But haste was her master, and haste was an incautious master, as was desperation and, too, hope. The beast was no ordinary bear, and so the bear trap was not crafty enough to ensnare him. He had lived for centuries learning the wiles of Man. Rather, he snared the mother with her own trap, having fed it a branch as thick as a bone and then having feigned a yowl of pain. The mother realized the ruse too late. She fired once, and struck true, but he was no ordinary beast, and so the bullet pierced without wounding. He stripped her of her gun, pressed her down to the earth, and breathed charnel mist into her face.
“Before I kill you,” he said with a grinding growl not unlike thunder. “Know that I will feed upon your son at next nightfall. I will eat him slowly, and shall relish his blood and meat.”
He then silenced her anguish with his large maw.
The boy cried all night, trembling in the lonely dark. When morning came, still he cried, and he heard the man calling from beyond the cabin.
“Half-breed,” he said. “Count the hours. Mark the moon. I will come for you at midnight, and then my land will be cleaned of your filth once and for all.”
The man left, and the boy emerged from the cabin. He buried the remains of his mother and went into further mourning. He drank little and ate nothing. At length, he was exhausted and fell asleep beneath the shade of the porch. The last thing he saw before he closed his eyes was a spiderweb gilded with the rays of the sun.

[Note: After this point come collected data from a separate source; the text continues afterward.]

lemma partial_transpose_iso_state:
  assumes "d > 0"
  shows "partial_transpose_A d (iso_state d \<alpha>) =
    complex_of_real (\<alpha> / (real d)\<^sup>2) \<cdot>\<^sub>m 1\<^sub>m (d * d) + complex_of_real ((1 - \<alpha>) / real d) \<cdot>\<^sub>m swap_mat d"
proof (rule eq_matI)
  fix r s assume "r < dim_row (complex_of_real (\<alpha> / (real d)\<^sup>2) \<cdot>\<^sub>m 1\<^sub>m (d * d)
      + complex_of_real ((1 - \<alpha>) / real d) \<cdot>\<^sub>m (swap_mat d :: complex mat))"
    and "s < dim_col (complex_of_real (\<alpha> / (real d)\<^sup>2) \<cdot>\<^sub>m 1\<^sub>m (d * d)
      + complex_of_real ((1 - \<alpha>) / real d) \<cdot>\<^sub>m (swap_mat d :: complex mat))"
  then have r: "r < d * d" and s: "s < d * d" by (auto simp: swap_mat_def)
  have div_less: "r div d < d" "s div d < d" using r s by (auto simp: less_mult_imp_div_less)
  define i where "i = (s div d) * d + r mod d"
  define j where "j = (r div d) * d + s mod d"
  have ij: "i < d * d" "j < d * d"
    unfolding i_def j_def using div_less assms by (auto intro: index_pair_less)
  have digits: "i div d = s div d" "i mod d = r mod d" "j div d = r div d" "j mod d = s mod d"
    unfolding i_def j_def using assms by auto
  have "i = j \<longleftrightarrow> r = s"
    using digits by (metis div_mult_mod_eq)
  moreover have "i div d = i mod d \<and> j div d = j mod d \<longleftrightarrow> s = swap_index d r"
    unfolding digits using swap_index_eq_iff[OF r, of s] by auto
  moreover have "partial_transpose_A d (iso_state d \<alpha>) $$ (r, s) = iso_state d \<alpha> $$ (i, j)"
    using r s unfolding partial_transpose_A_def i_def j_def by simp
  ultimately show "partial_transpose_A d (iso_state d \<alpha>) $$ (r, s) =
    (complex_of_real (\<alpha> / (real d)\<^sup>2) \<cdot>\<^sub>m 1\<^sub>m (d * d)
      + complex_of_real ((1 - \<alpha>) / real d) \<cdot>\<^sub>m swap_mat d) $$ (r, s)"
    using r s by (simp add: iso_state_index[OF ij] swap_mat_def)
qed (simp_all add: partial_transpose_A_def swap_mat_def)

The boy dreamt of his parents beneath a starry sky. They waved to him, then ascended to the stars. He cried in his dream and an old woman came before him, her wizened face smiling. She had black eyes that gleamed, but they did not frighten him. Her smile comforted him. She took his hands in hers, and put her hands on his shoulders, and on his cheeks. She had many hands; many arms. She was Grandmother Spider.

20180807_011913-1
“What is wrong, child?” she asked.
“My parents are gone,” he said, “and soon I will be killed by the beast, too.”
“Must you?” she asked. “Must it be so?”
“What else can I do?” he said. “Father’s rifle did nothing. Mother’s trap did nothing. He will kill me! Why does he hate me?”
“Because of both sides of your blood, child,” the old woman said. “Because he fears what you could be.”
“I don’t understand,” the boy said.
There came the caw of a raven up above, flying overhead, and he tried to watch it go, but the old woman kept his head firmly forward; her eyes peering into his own.

20180807_215103-1-1
“Embrace both sides of your blood, child,” she said. “Reconcile your heart or perish. Dream awake, child, as the beast cannot. Dream awake, for it is the only way to save yourself.”
She let go of him, then, and he began to drift away from that stelliferous, eternal night.
“I wonder,” the old woman said, her voice fading. “Will you dream of blood? Or will you dream of something more…?”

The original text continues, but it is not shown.